**SUPPLIED INFORMATION**
(* Let $0<\alpha<1$ and $p,q>0$. If $\mathrm{Tr}\,R_{\alpha,p}(A,B)\le\mathrm{Tr}\,\mathcal{A}_{\alpha,q}(A,B)$ holds for all positive definite $2\times2$ matrices $A,B$, then $\min\{1,\alpha(1-\alpha)p\}\le q$.
   Context: For positive definite $A,B$: $R_{\alpha,p}(A,B):=\bigl(A^{\frac{1-\alpha}{2}p}B^{\alpha p}A^{\frac{1-\alpha}{2}p}\bigr)^{1/p}$ and $\mathcal{A}_{\alpha,q}(A,B):=((1-\alpha)A^q+\alpha B^q)^{1/q}$. $\mathrm{Tr}$ is the usual trace. *)

theory Defs
  imports "HOL-Analysis.Analysis"
begin

definition cmat_adj :: "complex^'n^'n \<Rightarrow> complex^'n^'n" where
  "cmat_adj A = (\<chi> i j. cnj (A $ j $ i))"

definition cmat_trace :: "complex^'n^'n \<Rightarrow> complex" where
  "cmat_trace A = (\<Sum>i\<in>UNIV. A $ i $ i)"

definition cmat_diag :: "('n \<Rightarrow> complex) \<Rightarrow> complex^'n^'n" where
  "cmat_diag d = (\<chi> i j. if i = j then d i else 0)"

definition cmat_unitary :: "complex^'n^'n \<Rightarrow> bool" where
  "cmat_unitary U \<longleftrightarrow> U ** cmat_adj U = mat 1 \<and> cmat_adj U ** U = mat 1"

definition cmat_hermitian :: "complex^'n^'n \<Rightarrow> bool" where
  "cmat_hermitian A \<longleftrightarrow> cmat_adj A = A"

definition cmat_posdef :: "complex^'n^'n \<Rightarrow> bool" where
  "cmat_posdef A \<longleftrightarrow> cmat_hermitian A \<and>
     (\<forall>x::complex^'n. x \<noteq> 0 \<longrightarrow> Re (\<Sum>i\<in>UNIV. \<Sum>j\<in>UNIV. cnj (x $ i) * A $ i $ j * x $ j) > 0)"

text \<open>Real power \<open>A powr t\<close> of a positive definite matrix: if \<open>A = U diag(d) U*\<close>
  with U unitary and all \<open>d i > 0\<close>, then \<open>A^t = U diag(d^t) U*\<close>
  (well defined by uniqueness of the functional calculus).\<close>
definition cmat_powr :: "complex^'n^'n \<Rightarrow> real \<Rightarrow> complex^'n^'n" where
  "cmat_powr A t = (THE B. \<exists>U d. cmat_unitary U \<and> (\<forall>i. d i > 0) \<and>
       A = U ** cmat_diag (\<lambda>i. complex_of_real (d i)) ** cmat_adj U \<and>
       B = U ** cmat_diag (\<lambda>i. complex_of_real (d i powr t)) ** cmat_adj U)"

definition R_mean :: "real \<Rightarrow> real \<Rightarrow> complex^'n^'n \<Rightarrow> complex^'n^'n \<Rightarrow> complex^'n^'n" where
  "R_mean \<alpha> p A B = cmat_powr
     (cmat_powr A ((1 - \<alpha>) * p / 2) ** cmat_powr B (\<alpha> * p) ** cmat_powr A ((1 - \<alpha>) * p / 2))
     (1 / p)"

definition A_mean :: "real \<Rightarrow> real \<Rightarrow> complex^'n^'n \<Rightarrow> complex^'n^'n \<Rightarrow> complex^'n^'n" where
  "A_mean \<alpha> q A B = cmat_powr ((1 - \<alpha>) *\<^sub>R cmat_powr A q + \<alpha> *\<^sub>R cmat_powr B q) (1 / q)"

end

theory Submission
  imports Defs
begin

text \<open>Test the inequality on \<open>A = diag(1, \<delta>)\<close> and on \<open>B\<close>, the matrix with the same
  eigenvalues whose eigenvector for \<open>1\<close> is \<open>(c, s) = (cos \<theta>, sin \<theta>)\<close>, and let
  \<open>\<delta> \<rightarrow> 0\<close>. The matrix \<open>A^{(1-\<alpha>)p/2} B^{\<alpha>p} A^{(1-\<alpha>)p/2}\<close> tends to \<open>diag(c\<^sup>2, 0)\<close>,
  so \<open>Tr R_{\<alpha>,p}(A,B) \<rightarrow> c^{2/p}\<close>; the matrix \<open>(1-\<alpha>)A^q + \<alpha>B^q\<close> tends to a matrix of
  trace \<open>1\<close> and determinant \<open>\<alpha>(1-\<alpha>)s\<^sup>2 = u(1-u)\<close>, so \<open>Tr \<A>_{\<alpha>,q}(A,B) \<rightarrow> (1-u)^{1/q} + u^{1/q}\<close>.
  With \<open>k = \<alpha>(1-\<alpha>)\<close>, the limiting inequality reads
  \<open>(1 - u(1-u)/k)^{1/p} \<le> (1-u)^{1/q} + u^{1/q}\<close>. If \<open>q < 1\<close> and \<open>q < kp\<close>, this fails
  for small \<open>u > 0\<close>: both sides equal \<open>1\<close> at \<open>u = 0\<close>, the right side drops with slope
  \<open>1/q\<close>, the left one only with slope \<open>1/(kp)\<close>, and \<open>u^{1/q} = o(u)\<close>.\<close>

section \<open>Powers of unitarily diagonalised matrices\<close>

lemma matrix_mult_cmat_diag_nth: "(M ** cmat_diag d) $ i $ j = M $ i $ j * d j"
  unfolding cmat_diag_def matrix_matrix_mult_def
  by (simp add: if_distrib[where f="\<lambda>x. _ * x"] cong: if_cong)

lemma cmat_diag_matrix_mult_nth: "(cmat_diag d ** M) $ i $ j = d i * M $ i $ j"
  unfolding cmat_diag_def matrix_matrix_mult_def
  by (simp add: if_distrib[where f="\<lambda>x. x * _"] cong: if_cong)

text \<open>If two unitary diagonalisations describe the same matrix, the unitary
  \<open>W = V* U\<close> intertwines the two diagonals, hence \<open>W\<^sub>i\<^sub>j = 0\<close> unless \<open>d\<^sub>j = e\<^sub>i\<close>;
  so \<open>W\<close> intertwines any function of the diagonals as well.\<close>
lemma unitary_diag_conj_map_eq:
  fixes U V :: "complex^'n^'n"
  assumes U: "cmat_unitary U" and V: "cmat_unitary V"
    and eq: "U ** cmat_diag (\<lambda>i. complex_of_real (d i)) ** cmat_adj U
           = V ** cmat_diag (\<lambda>i. complex_of_real (e i)) ** cmat_adj V"
  shows "U ** cmat_diag (\<lambda>i. complex_of_real (f (d i))) ** cmat_adj U
           = V ** cmat_diag (\<lambda>i. complex_of_real (f (e i))) ** cmat_adj V"
proof -
  define W where "W = cmat_adj V ** U"
  define D where "D = cmat_diag (\<lambda>i. complex_of_real (d i))"
  define E where "E = cmat_diag (\<lambda>i. complex_of_real (e i))"
  define FD where "FD = cmat_diag (\<lambda>i. complex_of_real (f (d i)))"
  define FE where "FE = cmat_diag (\<lambda>i. complex_of_real (f (e i)))"
  have UU: "cmat_adj U ** U = mat 1" "U ** cmat_adj U = mat 1"
    using U by (auto simp: cmat_unitary_def)
  have VV: "cmat_adj V ** V = mat 1" "V ** cmat_adj V = mat 1"
    using V by (auto simp: cmat_unitary_def)
  have "W ** D = cmat_adj V ** (U ** D ** cmat_adj U) ** U"
    by (simp add: W_def UU flip: matrix_mul_assoc)
  also have "\<dots> = cmat_adj V ** (V ** E ** cmat_adj V) ** U"
    using eq by (simp add: D_def E_def)
  also have "\<dots> = E ** W"
    by (simp add: W_def matrix_mul_assoc VV
        flip: matrix_mul_assoc[of "cmat_adj V" V])
  finally have WD: "W ** D = E ** W" .
  have "(W ** FD) $ i $ j = (FE ** W) $ i $ j" for i j
  proof -
    have "W $ i $ j * of_real (d j) = of_real (e i) * W $ i $ j"
      using arg_cong[OF WD, of "\<lambda>M. M $ i $ j"]
      by (simp add: D_def E_def matrix_mult_cmat_diag_nth cmat_diag_matrix_mult_nth)
    then have "W $ i $ j = 0 \<or> d j = e i"
      by (auto simp: mult.commute)
    then show ?thesis
      by (auto simp: FD_def FE_def matrix_mult_cmat_diag_nth cmat_diag_matrix_mult_nth mult.commute)
  qed
  then have WF: "W ** FD = FE ** W"
    by (simp add: vec_eq_iff)
  have VW: "V ** W = U"
    by (metis W_def VV(2) matrix_mul_assoc matrix_mul_lid)
  have "U ** FD ** cmat_adj U = V ** W ** FD ** cmat_adj U"
    by (simp add: VW)
  also have "\<dots> = V ** FE ** W ** cmat_adj U"
    by (metis matrix_mul_assoc WF)
  also have "\<dots> = V ** FE ** cmat_adj V"
    by (simp add: W_def UU flip: matrix_mul_assoc)
  finally show ?thesis
    by (simp add: FD_def FE_def)
qed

**PROBLEM**
The lines to reproduce run from the one that contains "by (simp add: VW)" through the last line above; copy them exactly.

**SOLUTION TO THE PROBLEM**
    by (simp add: VW)
  also have "\<dots> = V ** FE ** W ** cmat_adj U"
    by (metis matrix_mul_assoc WF)
  also have "\<dots> = V ** FE ** cmat_adj V"
    by (simp add: W_def UU flip: matrix_mul_assoc)
  finally show ?thesis
    by (simp add: FD_def FE_def)
qed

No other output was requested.